I’m trying to build an PHP site tool to display a more custom version of my family tree member information (originally built on ancestry) that won’t require a signin or some third party scraping people just wanting to learn more about my ancestors.
One of the tools I’m looking at is gramps for handling the gedcom file exported from ancestry. I like gramps as a tool to ‘clean up’ the data and manage it locally. I’ve already dived into the sqlite file and it has a lot of the information I would want to use, but I’m noticing that some key fields appear to be crunched into the tuple ‘blob’ and I can’t seem to find any easy way to turn that into useable data in php. For example, I can’t seem to denote what ‘type’ an event is as it appears to be encoded in the blob. Thus I can’t easily extract birth and death info even though i have all the records clear as day - as i don’t have any programmatic way to know which one is type ‘birth’ and which is type ‘death’.
I’ve been trying to figure out how to use some the python code thinking I could either extract any useful information from the blobs and add it to another table, or perhaps find some way to parse it directly in php. But I can’t seem to figure out what libraries to call or how to call them (I’m not a python programmer)
I found my way deep enough to find gramps.gen.lib.event.unserialize, but can’t figure out how to invoke it. I tried to see if i could use something like get_event_from_handle() but I’m not sure how to initialize a db object from the gramps config in a simple script.
Can anyone help me find an easy way to access the blob data?

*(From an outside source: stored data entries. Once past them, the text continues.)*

lemma mass_distribution_distr_closest_point:
  fixes \<nu> :: "(real^'n::finite) measure"
  assumes \<nu>: "prob_space \<nu>" "sets \<nu> = sets borel" "absolutely_continuous lborel \<nu>"
    and L: "subspace L"
  shows "mass_distribution K L (distr \<nu> borel (closest_point L))"
  unfolding mass_distribution_def
proof (intro conjI allI impI)
  have P: "closest_point L \<in> measurable \<nu> borel"
    using borel_measurable_closest_point_subspace[OF L] measurable_cong_sets[OF \<nu>(2) refl] by blast
  have space: "space \<nu> = UNIV"
    using sets_eq_imp_space_eq[OF \<nu>(2)] by simp
  show "prob_space (distr \<nu> borel (closest_point L))"
    using prob_space.prob_space_distr[OF \<nu>(1) P] .
  show "sets (distr \<nu> borel (closest_point L)) = sets borel"
    by simp
  have "- L \<in> sets borel"
    using L by (intro borel_comp borel_closed closed_subspace)
  moreover have "closest_point L -` (- L) = {}"
    using closest_point_in_subspace[OF L] by auto
  ultimately show "emeasure (distr \<nu> borel (closest_point L)) (- L) = 0"
    by (simp add: emeasure_distr[OF P])
  fix f :: "real^'k \<Rightarrow> real^'n"
  assume "linear f \<and> (\<forall>x. norm (f x) = norm x) \<and> range f = L"
  then have f: "linear f" and iso: "\<And>x. norm (f x) = norm x" and L_eq: "range f = L"
    by auto
  show "absolutely_continuous (distr lborel borel f) (distr \<nu> borel (closest_point L))"
    unfolding absolutely_continuous_def
  proof
    fix A assume "A \<in> null_sets (distr lborel borel f)"
    then have A: "f -` A \<in> null_sets lborel" "A \<in> sets borel"
      using null_sets_distr_iff[of f lborel borel A] borel_measurable_linear[OF f] by auto
    have "adjoint f -` (f -` A) \<in> null_sets lborel"
      using adjoint_linear[OF f] f adjoint_linear_isometry_cancel[OF f iso] A(1)
      by (rule null_sets_vimage_linear_right_inverse)
    then have "adjoint f -` (f -` A) \<in> null_sets \<nu>"
      using \<nu>(3) unfolding absolutely_continuous_def by blast
    moreover have "closest_point L -` A \<inter> space \<nu> = adjoint f -` (f -` A)"
      using closest_point_range_linear_isometry[OF f iso] L_eq space by auto
    ultimately show "A \<in> null_sets (distr \<nu> borel (closest_point L))"
      using null_sets_distr_iff[OF P] A(2) by simp
  qed
qed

I don’t care if I have to build a simple restapi or do a translation-dump occasionally whenever I update the gedcom file. I just want to show basic event information on a given user and I’m about to give up on gramps as a tool with which to do that.
I finally figured out how to unpickle the blob, but not sure what I’m looking at as far as the data.

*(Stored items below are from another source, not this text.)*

theorem theorem5p1:
  fixes G :: "('g, 'm) monoid_scheme"
    and act :: "'g \<Rightarrow> 'x::euclidean_space \<Rightarrow> 'x"
    and \<gamma> :: "'h::euclidean_space \<Rightarrow> 'x"
    and A :: "'a set"
    and \<Lambda> :: "'a \<Rightarrow> ('x \<Rightarrow>\<^sub>L 'h)"
  assumes "spectral_decomposition_system G act \<gamma> A \<Lambda>"
    and "closed (\<Lambda> ` A)"
    and "finite (carrier G)"
  shows "\<forall>X Y. \<gamma> (X + Y) - \<gamma> X \<in> convex hull (orbit G act (\<gamma> Y))"
proof -
  obtain \<tau> where "spectral_decomposition_setting G act \<gamma> A \<Lambda> \<tau>"
    using spectral_decomposition_setting_if_system[OF assms(1,3)] .
  then show ?thesis
    using spectral_decomposition_setting.\<gamma>_increment_in_convex_hull_orbit by blast
qed

end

Is there a way in a short script to use the builtin get_event_from_handle() – and any similar methods for the other object types – without a huge amount of code?
EDIT:
Oh wait, getting further - I believe I found the field that denotes the type, but it just has an integer (and an empty string - I assume this is the __value and __string in the data model on the wiki, but the string is empty).
Is there a reference somewhere to what the EventType (builtin values) represent?

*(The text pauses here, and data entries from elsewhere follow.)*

text \<open>With two variables there are exactly four interpretations. Write
  \<open>\<succeq>\<^sub>E\<close> for the preorder of the single-agent profile \<open>E\<close>;
  by the Maximality Condition every model of \<open>E\<close> is a top element of it.
  Hence if \<open>\<succeq>\<^sub>E\<close> puts \<open>x\<close> strictly above
  \<open>y\<close> and \<open>z\<close>, then \<open>E \<subseteq> {x, u}\<close> for the
  fourth interpretation \<open>u\<close>. (ESF-SD) yields three such preorders that
  differ in how they compare \<open>y\<close> and \<open>z\<close>; they come from
  three different nonempty subsets of \<open>{x, u}\<close>, so one of them is
  \<open>{u}\<close>. Thus \<open>x\<close> is strictly above \<open>y\<close> in the
  preorder of \<open>{u}\<close>, and exchanging the roles of \<open>x\<close> and
  \<open>y\<close> gives a contradiction.\<close>

definition strict_pref :: "('w \<Rightarrow> 'w \<Rightarrow> bool) \<Rightarrow> 'w \<Rightarrow> 'w \<Rightarrow> bool" where
  "strict_pref R x y \<longleftrightarrow> R x y \<and> \<not> R y x"

lemma strict_pref_weak_trans:
  assumes "total_preorder R" "strict_pref R x y" "R y z"
  shows "strict_pref R x z"
  using assms unfolding total_preorder_def strict_pref_def by blast

lemma maxset_pair_eq_pair:
  assumes "maxset {x, y} R = {x, y}"
  shows "R x y" "R y x"
proof -
  have "x \<in> maxset {x, y} R" "y \<in> maxset {x, y} R"
    using assms by auto
  then show "R x y" "R y x"
    unfolding maxset_def by auto
qed

lemma maxset_pair_eq_singleton:
  assumes "x \<noteq> y" "total_preorder R" "maxset {x, y} R = {x}"
  shows "strict_pref R x y"
proof -
  have "x \<in> maxset {x, y} R" "y \<notin> maxset {x, y} R"
    using assms(1,3) by auto
  moreover have "R y y"
    using assms(2) unfolding total_preorder_def by blast
  ultimately show ?thesis
    unfolding maxset_def strict_pref_def by auto
qed

lemma singleton_among_three_nonempty_subsets:
  assumes "A \<subseteq> {x, u}" "B \<subseteq> {x, u}" "C \<subseteq> {x, u}"
    and "A \<noteq> {}" "B \<noteq> {}" "C \<noteq> {}"
    and "A \<noteq> B" "A \<noteq> C" "B \<noteq> C"
  shows "{u} \<in> {A, B, C}"
  using assms by blast

lemma strict_pref_in_singleton_assignment:
  fixes ge :: "'w set \<Rightarrow> 'w \<Rightarrow> 'w \<Rightarrow> bool"
  assumes worlds: "UNIV = {x, y, z, u}"
    and total: "\<And>E. E \<noteq> {} \<Longrightarrow> total_preorder (ge E)"
    and models_top: "\<And>E v w. E \<noteq> {} \<Longrightarrow> v \<in> E \<Longrightarrow> ge E v w"
    and "\<exists>E. E \<noteq> {} \<and> strict_pref (ge E) x y \<and> strict_pref (ge E) y z"
    and "\<exists>E. E \<noteq> {} \<and> strict_pref (ge E) x y \<and> ge E y z \<and> ge E z y"
    and "\<exists>E. E \<noteq> {} \<and> strict_pref (ge E) x z \<and> strict_pref (ge E) z y"
  shows "strict_pref (ge {u}) x y"
proof -
  have dominated_not_model: "w \<notin> E" if "E \<noteq> {}" "strict_pref (ge E) v w" for E v w
    using that models_top unfolding strict_pref_def by blast
  have models_subset: "E \<subseteq> {x, u}"
    if "E \<noteq> {}" "strict_pref (ge E) x y" "strict_pref (ge E) x z" for E
  proof -
    have "y \<notin> E" "z \<notin> E"
      using dominated_not_model that by blast+
    then show ?thesis
      using worlds by blast
  qed
  obtain E1 where E1: "E1 \<noteq> {}" "strict_pref (ge E1) x y" "strict_pref (ge E1) y z"
    using assms(4) by blast
  obtain E2 where E2: "E2 \<noteq> {}" "strict_pref (ge E2) x y" "ge E2 y z" "ge E2 z y"
    using assms(5) by blast
  obtain E3 where E3: "E3 \<noteq> {}" "strict_pref (ge E3) x z" "strict_pref (ge E3) z y"
    using assms(6) by blast
  have E1_xz: "strict_pref (ge E1) x z"
    using strict_pref_weak_trans[OF total[OF E1(1)] E1(2)] E1(3)
    unfolding strict_pref_def by blast
  have E2_xz: "strict_pref (ge E2) x z"
    using strict_pref_weak_trans[OF total[OF E2(1)] E2(2) E2(3)] .
  have E3_xy: "strict_pref (ge E3) x y"
    using strict_pref_weak_trans[OF total[OF E3(1)] E3(2)] E3(3)
    unfolding strict_pref_def by blast
  have "E1 \<noteq> E2" "E1 \<noteq> E3" "E2 \<noteq> E3"
    using E1(3) E2(3,4) E3(3) unfolding strict_pref_def by blast+
  moreover have "E1 \<subseteq> {x, u}" "E2 \<subseteq> {x, u}" "E3 \<subseteq> {x, u}"
    using models_subset E1(1,2) E1_xz E2(1,2) E2_xz E3(1,2) E3_xy by blast+
  ultimately have "{u} \<in> {E1, E2, E3}"
    using E1(1) E2(1) E3(1) by (intro singleton_among_three_nonempty_subsets)
  then show ?thesis
    using E1(2) E2(2) E3_xy by blast
qed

Another alternative is to use the SQLite export addon to export your data from Gramps to an SQLite database that does not use blobs. If you do so, be aware that you need to make some changes to get all of the descriptions. And you would need to use more SQL to join all of the tables.
excellent. Thank you. And dale’s link is just what i was looking for to translate that data. I’ll likely either create a one-shot python script to call for ‘decoding’ blobs to json output or just mass-convert them into an additional table with php serialization instead.
The BLOB column in SQLite TABLEs is just an internal representation (though serialized) of a Python aggregate object. I don’t recommend accessing directly this data as you are vulnerable to any change in Gramps code, e.g. a change in the order of serialization in the various object methods. Presently, database implementations are merely an emulation of BSDDB key/value pair management utility. Only indexes have been added to the records to speed up retrieval.
Regarding the types, they are encoded in the integer value. The names of the constants are defined in gramps/gen/lib/xxxtype.py where xxx designates the kind of object. When type is CUSTOM, the string is used to differentiate user-defined types.
It’s fugly, but it does what I need: (function in my php which calls python to unpickle the byte)
private function pdecode($blob) {
$cmd = sprintf("import pickle; import base64; import json; print(json.dumps(pickle.loads(base64.b64decode('%s'))))", base64_encode($blob));
$pcmd = sprintf("python -c \"%s\"", $cmd);
$result = exec($pcmd);
$resdec = json_decode($result);
return $resdec;
}
(to get the binary data into a command-line form, I use base64 encoding - to get it back out I json serialize the result)